History casts long shadows over the present relationships of the United States and Japan in the Pacific. Both nations have deep, divergent, and also overlapping legacies in the region. U.S. history with the Pacific dates from the first years of the Republic with late eighteenth-century whaling voyages, followed by naval expeditions such as David Porter’s Essex that claimed the Marquesas Islands in 1813 (naming them the Madison Islands) but Congress, so disinterested in the region at the time, did not ratify the claim. Twenty-five years later, very different levels of interest drove the Wilkes Expedition (1838-1842) in its scientific and strategic objectives: for instance, the connection between the eastern islands of Samoa and the United States can be traced to this moment.[4] This U.S. government-level engagement was greatly augmented by missionary activity, especially in Hawai’i from the 1820s, and by Mormonism from the 1840s. These factors have had lasting impacts on binding archipelagos to the United States (like Hawai’i which became a U.S. territory following its annexation in 1898 and the fiftieth state in 1959) as well as islander populations (for instance, extensive Pacific Islander migrations to Utah began in 1873).[5] Resource harvesting in the Pacific, in this case, guano, led to great westward territorial expansion into the ocean by the United States through the Guano Islands Act of 1856. This followed closely after the United States acquired an immense Pacific coastline through the Oregon Territory (1846), the incorporation of California as a state in 1851, and the purchase of Alaska from Imperial Russia in 1867.

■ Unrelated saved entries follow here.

(* Let $P$ be a span program and $x$ an input, and let $S,T$ be positive-definite diagonal $|J|\times|J|$ matrices. Then $$\mathrm{wsize}_{S\sqrt{1+T}}(P,x)\le\mathrm{wsize}_S(P,x)\,(1+\|T\|),\qquad \mathrm{wsize}_{\sqrt{S^2+T^2}}(P,x)\le\mathrm{wsize}_S(P,x)+O(\|T\|^2),$$ where the constant in $O(\cdot)$ depends only on $P$. In particular, fix input complexities $U_i$ with grouped input complexities $\tilde U_j$. Let $\tilde U'_j>0$ ($j\in J$) satisfy $\tilde U'_j\lesssim\tilde U_j$ for all $j$, and let $\tilde U'=\sum_j\tilde U'_j|j\rangle\langle j|$. Then $$\mathrm{wsize}_{\sqrt{\tilde U'}}(P,x)\lesssim\mathrm{wsize}_{\sqrt{\tilde U}}(P,x)=\mathrm{wsize}(P,x).$$
   Context: A span program $P$ has target $t=(1,0,\dots,0)\in\mathbb{C}^m$ and vectors $v_j$ ($j\in J$) labeled by literal sets $X_j$. Grouped input $j$ is true on $x$ iff all literals in $X_j$ are true. We set $f_P(x)=1$ iff $t$ is in the span of the true $v_j$. Let $\Pi=\sum_{j\text{ true}}|j\rangle\langle j|$ and $A=\sum_j|v_j\rangle\langle j|$. For positive-definite diagonal $S$: - if $f_P(x)=1$, $\mathrm{wsize}_S(P,x)=\min\{\|Sw\|^2:A\Pi w=t\}$; - if $f_P(x)=0$, $\mathrm{wsize}_S(P,x)=\min\{\|SA^\dagger w'\|^2:\langle t|w'\rangle=1,\ \Pi A^\dagger w'=0\}$. Input complexities are positive reals $U_i$, one for each literal occurrence $i\in I_j$ of $X_j$. Grouped input complexities are - $\tilde U_j=\max\{\sum_{i\in I_j}U_i,1\}$ if $j$ is true; - $\tilde U_j=(\sum_{i\in I_j\text{ false}}U_i^{-1})^{-1}$ otherwise. Set $\tilde U=\sum_j\tilde U_j|j\rangle\langle j|$ and $\mathrm{wsize}(P,x)=\mathrm{wsize}_{\sqrt{\tilde U}}(P,x)$. Notation $a\lesssim b$, relative to a real parameter $\lambda$ and the complexities $U_i$: there exist constants $c_1,c_2$ such that $a\le c_1+b(1+c_2|\lambda|\max_iU_i)$. In the conclusion, the constants may depend on those in the hypothesis and on $P$. *)

theory Defs
  imports "HOL-Analysis.Analysis"
begin

text \<open>A span program over input variables of type 'i, with grouped inputs indexed by
  the finite type 'j.  Vectors live in C^m, represented as functions nat => complex of which
  only the coordinates k < m matter.  Each grouped input j carries a list of literals;
  a literal (k, b) stands for x_k if b = True and for the negation of x_k if b = False.
  Literal occurrences of X_j are indexed by positions i < length (sp_lits P j).\<close>
record ('i, 'j) span_program =
  sp_dim  :: nat
  sp_vec  :: "'j \<Rightarrow> nat \<Rightarrow> complex"
  sp_lits :: "'j \<Rightarrow> ('i \<times> bool) list"

definition sp_wf :: "('i, 'j) span_program \<Rightarrow> bool" where
  "sp_wf P \<longleftrightarrow> 0 < sp_dim P"

definition lit_true :: "('i \<Rightarrow> bool) \<Rightarrow> 'i \<times> bool \<Rightarrow> bool" where
  "lit_true x l \<longleftrightarrow> x (fst l) = snd l"

definition grp_true :: "('i, 'j) span_program \<Rightarrow> ('i \<Rightarrow> bool) \<Rightarrow> 'j \<Rightarrow> bool" where
  "grp_true P x j \<longleftrightarrow> (\<forall>l \<in> set (sp_lits P j). lit_true x l)"

definition tvec :: "nat \<Rightarrow> complex" where
  "tvec k = (if k = 0 then 1 else 0)"

definition pos_witness :: "('i, 'j::finite) span_program \<Rightarrow> ('i \<Rightarrow> bool) \<Rightarrow> ('j \<Rightarrow> complex) \<Rightarrow> bool" where
  "pos_witness P x w \<longleftrightarrow>
     (\<forall>k < sp_dim P. (\<Sum>j\<in>UNIV. (if grp_true P x j then w j else 0) * sp_vec P j k) = tvec k)"

definition fP :: "('i, 'j::finite) span_program \<Rightarrow> ('i \<Rightarrow> bool) \<Rightarrow> bool" where
  "fP P x \<longleftrightarrow> (\<exists>c. \<forall>k < sp_dim P.
       (\<Sum>j\<in>{j. grp_true P x j}. c j * sp_vec P j k) = tvec k)"

definition Adag :: "('i, 'j) span_program \<Rightarrow> (nat \<Rightarrow> complex) \<Rightarrow> 'j \<Rightarrow> complex" where
  "Adag P w' j = (\<Sum>k<sp_dim P. cnj (sp_vec P j k) * w' k)"

definition wsize :: "('i, 'j::finite) span_program \<Rightarrow> ('j \<Rightarrow> real) \<Rightarrow> ('i \<Rightarrow> bool) \<Rightarrow> real" where
  "wsize P S x =
    (if fP P x then
       Inf {(\<Sum>j\<in>UNIV. (S j * cmod (w j))\<^sup>2) | w. pos_witness P x w}
     else
       Inf {(\<Sum>j\<in>UNIV. (S j * cmod (Adag P w' j))\<^sup>2) | w'.
              (\<Sum>k<sp_dim P. cnj (tvec k) * w' k) = 1 \<and>
              (\<forall>j. grp_true P x j \<longrightarrow> Adag P w' j = 0)})"

definition dnorm :: "('j::finite \<Rightarrow> real) \<Rightarrow> real" where
  "dnorm T = Max (range (\<lambda>j. \<bar>T j\<bar>))"

definition posdiag :: "('j \<Rightarrow> real) \<Rightarrow> bool" where
  "posdiag S \<longleftrightarrow> (\<forall>j. 0 < S j)"

text \<open>Grouped input complexities; U j i is the complexity of the i-th literal occurrence of X_j.\<close>
definition Utilde :: "('i, 'j) span_program \<Rightarrow> ('j \<Rightarrow> nat \<Rightarrow> real) \<Rightarrow> ('i \<Rightarrow> bool) \<Rightarrow> 'j \<Rightarrow> real" where
  "Utilde P U x j =
    (if grp_true P x j then max (\<Sum>i<length (sp_lits P j). U j i) 1
     else inverse (\<Sum>i\<in>{i. i < length (sp_lits P j) \<and> \<not> lit_true x (sp_lits P j ! i)}.
                     inverse (U j i)))"

text \<open>max_i U_i over all literal occurrences (0 if there are none; the U_i are positive)\<close>
definition maxU :: "('i, 'j) span_program \<Rightarrow> ('j \<Rightarrow> nat \<Rightarrow> real) \<Rightarrow> real" where
  "maxU P U = Max (insert 0 {U j i | j i. i < length (sp_lits P j)})"

definition compl_pos :: "('i, 'j) span_program \<Rightarrow> ('j \<Rightarrow> nat \<Rightarrow> real) \<Rightarrow> bool" where
  "compl_pos P U \<longleftrightarrow> (\<forall>j i. i < length (sp_lits P j) \<longrightarrow> 0 < U j i)"

definition wsize_U :: "('i, 'j::finite) span_program \<Rightarrow> ('j \<Rightarrow> nat \<Rightarrow> real) \<Rightarrow> ('i \<Rightarrow> bool) \<Rightarrow> real" where
  "wsize_U P U x = wsize P (\<lambda>j. sqrt (Utilde P U x j)) x"

end

theory Submission
  imports Defs
begin

text \<open>The witnesses of P on an input (positive witnesses, or the vectors Adag P w' of negative
  witnesses w') form a real affine subspace W of C^J, and wsize_S is the infimum of
  sum_j S_j^2 |w_j|^2 over W. The first inequality therefore holds witness by witness.
  For the second, every w in W dominates in modulus, coordinatewise, some w' in W whose entries
  are bounded by a constant depending only on P; using w' costs at most |J| C^2 ||T||^2.
  The bounded w' comes from the real and imaginary parts: a point y of a real affine subspace that
  is not determined by its zero pattern can be moved along a line in both directions until a
  coordinate vanishes, so y is a convex combination of two sign-conformal points of smaller
  support, and by induction y conformally dominates a point built from the finitely many points
  determined by their zero pattern. The final statement combines both inequalities with
  S^2 = U~ (1 + c2 |lambda| max U) and T^2 = max c1 0.\<close>

section \<open>Bounded conformal minorants in affine sets\<close>

text \<open>Closure under real affine combinations, for sets of vectors represented as functions
  (HOL's affine needs a real_vector instance on the function space).\<close>
definition real_affine :: "('a \<Rightarrow> 'b::real_vector) set \<Rightarrow> bool" where
  "real_affine Y \<longleftrightarrow> (\<forall>y\<in>Y. \<forall>y'\<in>Y. \<forall>t::real. (\<lambda>i. y i + t *\<^sub>R (y' i - y i)) \<in> Y)"

definition conformal :: "('a \<Rightarrow> real) \<Rightarrow> ('a \<Rightarrow> real) \<Rightarrow> bool" where
  "conformal p y \<longleftrightarrow> (\<forall>i. 0 \<le> p i * y i \<and> (y i = 0 \<longrightarrow> p i = 0))"

definition conformal_le :: "('a \<Rightarrow> real) \<Rightarrow> ('a \<Rightarrow> real) \<Rightarrow> bool" where
  "conformal_le p y \<longleftrightarrow> (\<forall>i. min 0 (y i) \<le> p i \<and> p i \<le> max 0 (y i))"

lemma conformal_le_refl: "conformal_le y y"
  unfolding conformal_le_def by simp

lemma conformal_le_trans: "conformal_le p q \<Longrightarrow> conformal_le q y \<Longrightarrow> conformal_le p y"
  unfolding conformal_le_def by (smt (verit))

lemma conformal_le_abs: "conformal_le p y \<Longrightarrow> \<bar>p i\<bar> \<le> \<bar>y i\<bar>"
  unfolding conformal_le_def by (smt (verit))

lemma conformal_le_of_conformal:
  assumes "conformal p y" "\<And>i. p i * y i \<le> (y i)\<^sup>2"
  shows "conformal_le p y"
  unfolding conformal_le_def
proof
  fix i
  have "0 \<le> p i * y i" "y i = 0 \<Longrightarrow> p i = 0" "p i * y i \<le> y i * y i"
    using assms by (auto simp: conformal_def power2_eq_square)
  then show "min 0 (y i) \<le> p i \<and> p i \<le> max 0 (y i)"
    by (smt (verit) mult_le_cancel_right mult_less_0_iff zero_le_mult_iff)
qed

lemma conformal_le_convex_comb:
  assumes "conformal p y" "conformal q y" "conformal_le p' p" "conformal_le q' q"
    and "0 \<le> l" "l \<le> 1" and y: "\<And>i. y i = l * p i + (1 - l) * q i"
  shows "conformal_le (\<lambda>i. l * p' i + (1 - l) * q' i) y"
  unfolding conformal_le_def
proof
  fix i
  have "0 \<le> p i \<and> 0 \<le> q i \<or> p i \<le> 0 \<and> q i \<le> 0"
    using assms(1,2) unfolding conformal_def
    by (metis linorder_le_cases zero_le_mult_iff order_antisym)
  moreover have "min 0 (p i) \<le> p' i \<and> p' i \<le> max 0 (p i)" "min 0 (q i) \<le> q' i \<and> q' i \<le> max 0 (q i)"
    using assms(3,4) by (auto simp: conformal_le_def)
  moreover have "\<And>a b. a \<le> b \<Longrightarrow> l * a \<le> l * b" "\<And>a b. a \<le> b \<Longrightarrow> (1 - l) * a \<le> (1 - l) * b"
    using assms(5,6) by (simp_all add: mult_left_mono)
  ultimately show "min 0 (y i) \<le> l * p' i + (1 - l) * q' i \<and> l * p' i + (1 - l) * q' i \<le> max 0 (y i)"
    unfolding y by (smt (verit) mult_nonneg_nonneg mult_nonneg_nonpos assms(5,6))
qed

lemma real_affine_comb:
  fixes Y :: "('a \<Rightarrow> real) set"
  assumes "real_affine Y" "p \<in> Y" "q \<in> Y"
  shows "(\<lambda>i. l * p i + (1 - l) * q i) \<in> Y"
proof -
  have "(\<lambda>i. q i + l *\<^sub>R (p i - q i)) \<in> Y"
    using assms unfolding real_affine_def by blast
  moreover have "(\<lambda>i. q i + l *\<^sub>R (p i - q i)) = (\<lambda>i. l * p i + (1 - l) * q i)"
    by (auto simp: algebra_simps)
  ultimately show ?thesis by simp
qed

lemma conformal_line:
  assumes "0 \<le> t" "\<And>i. y i = 0 \<Longrightarrow> z i = 0" "\<And>i. y i * z i < 0 \<Longrightarrow> t \<le> - y i / z i"
  shows "conformal (\<lambda>i. y i + t * z i) y"
  unfolding conformal_def
proof (intro allI conjI impI)
  fix i
  show "0 \<le> (y i + t * z i) * y i"
  proof (cases "y i * z i < 0")
    case True
    then have "t * (- (y i * z i)) \<le> - y i / z i * (- (y i * z i))"
      using assms(3) by (intro mult_right_mono) auto
    also have "\<dots> = (y i)\<^sup>2"
      using True by (auto simp: power2_eq_square)
    finally show ?thesis by (simp add: algebra_simps power2_eq_square)
  next
    case False
    then show ?thesis using assms(1) by (simp add: algebra_simps)
  qed
  show "y i = 0 \<Longrightarrow> y i + t * z i = 0" using assms(2) by simp
qed

lemma line_first_zero:
  fixes y z :: "'a::finite \<Rightarrow> real"
  assumes z: "\<And>i. y i = 0 \<Longrightarrow> z i = 0" and "\<exists>i. y i * z i < 0"
  obtains t where "0 < t" "conformal (\<lambda>i. y i + t * z i) y"
    "card {i. y i + t * z i \<noteq> 0} < card {i. y i \<noteq> 0}"
proof -
  define N where "N = {i. y i * z i < 0}"
  define t where "t = Min ((\<lambda>i. - y i / z i) ` N)"
  have "N \<noteq> {}" using assms(2) by (auto simp: N_def)
  then have "t \<in> (\<lambda>i. - y i / z i) ` N"
    unfolding t_def by (intro Min_in) auto
  then obtain i0 where i0: "y i0 * z i0 < 0" "t = - y i0 / z i0"
    by (auto simp: N_def)
  have t_le: "t \<le> - y i / z i" if "y i * z i < 0" for i
    unfolding t_def using that by (intro Min_le) (auto simp: N_def)
  have "0 < t" using i0 by (auto simp: mult_less_0_iff divide_less_0_iff zero_less_divide_iff)
  moreover have "conformal (\<lambda>i. y i + t * z i) y"
    using \<open>0 < t\<close> z t_le by (intro conformal_line) auto
  moreover have "card {i. y i + t * z i \<noteq> 0} < card {i. y i \<noteq> 0}"
  proof (rule psubset_card_mono)
    have "y i0 + t * z i0 = 0" "y i0 \<noteq> 0" using i0 by auto
    then show "{i. y i + t * z i \<noteq> 0} \<subset> {i. y i \<noteq> 0}" using z by fastforce
  qed simp
  ultimately show ?thesis using that by blast
qed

Decades of extensive Pacific whaling activities brought Americans into contact with a broad cross-section of Pacific peoples. The mistreatment of shipwrecked American whalers was one of the pretexts for the first U.S. government contact with an isolated Japan through the transformative Perry Voyage of 1853.[6] The voyage’s ramifications were manifold, not the least of which triggered the rapid modernization of Japan modeled on Germany. Externally, Japan attempted to emulate British settler colonialism. Japan’s domestic and foreign outreach was fueled by an ambition to match growing U.S. naval power. Japanese territorial expansion, firstly to islands contiguous to its four main islands, commenced in 1855 with Japan claiming the southern Kuril Islands off the coast of Hokkaido.[7] This acquisition of additional island territories (excluding those occupied during WWII) would continue through to 1914 when Japan commanded an immense territory in the Pacific that extended to the eastern edge of the Marshall Islands, just shy of the 180th meridian.

While Japan was undergoing this extraordinary transformation, the domination of plantation economies mobilized large numbers of workers across the Pacific. Japanese workers dominated Hawaiian labor ranks from the 1860s with over 140,000 remaining there.[8] (Similar forces also created large Pacific-based Chinese communities such as those in present-day Papua New Guinea and Samoa). At the outbreak of the First World War, Japan gained Germany’s Micronesian colonies in 1914, territories that became Japan’s Pacific Mandate under the League of Nations from 1920.[9] Japanese migrations to these islands followed, often associated with plantation enterprises.[10] This migration was augmented by extensive contacts with Japanese fishermen and traders, a circulation of Japanese nationals into the Pacific that began before the mandate. Intermarriages between Japanese men and local women birthed hybrid communities in these Pacific islands, like the one concentrated in Chuuk, in FSM where about 20% of the population claim Japanese ancestry, or CNMI and Palau which have lengthy connections to Japan.[11] These couplings forged lasting bonds between Japan and these northern Pacific islands.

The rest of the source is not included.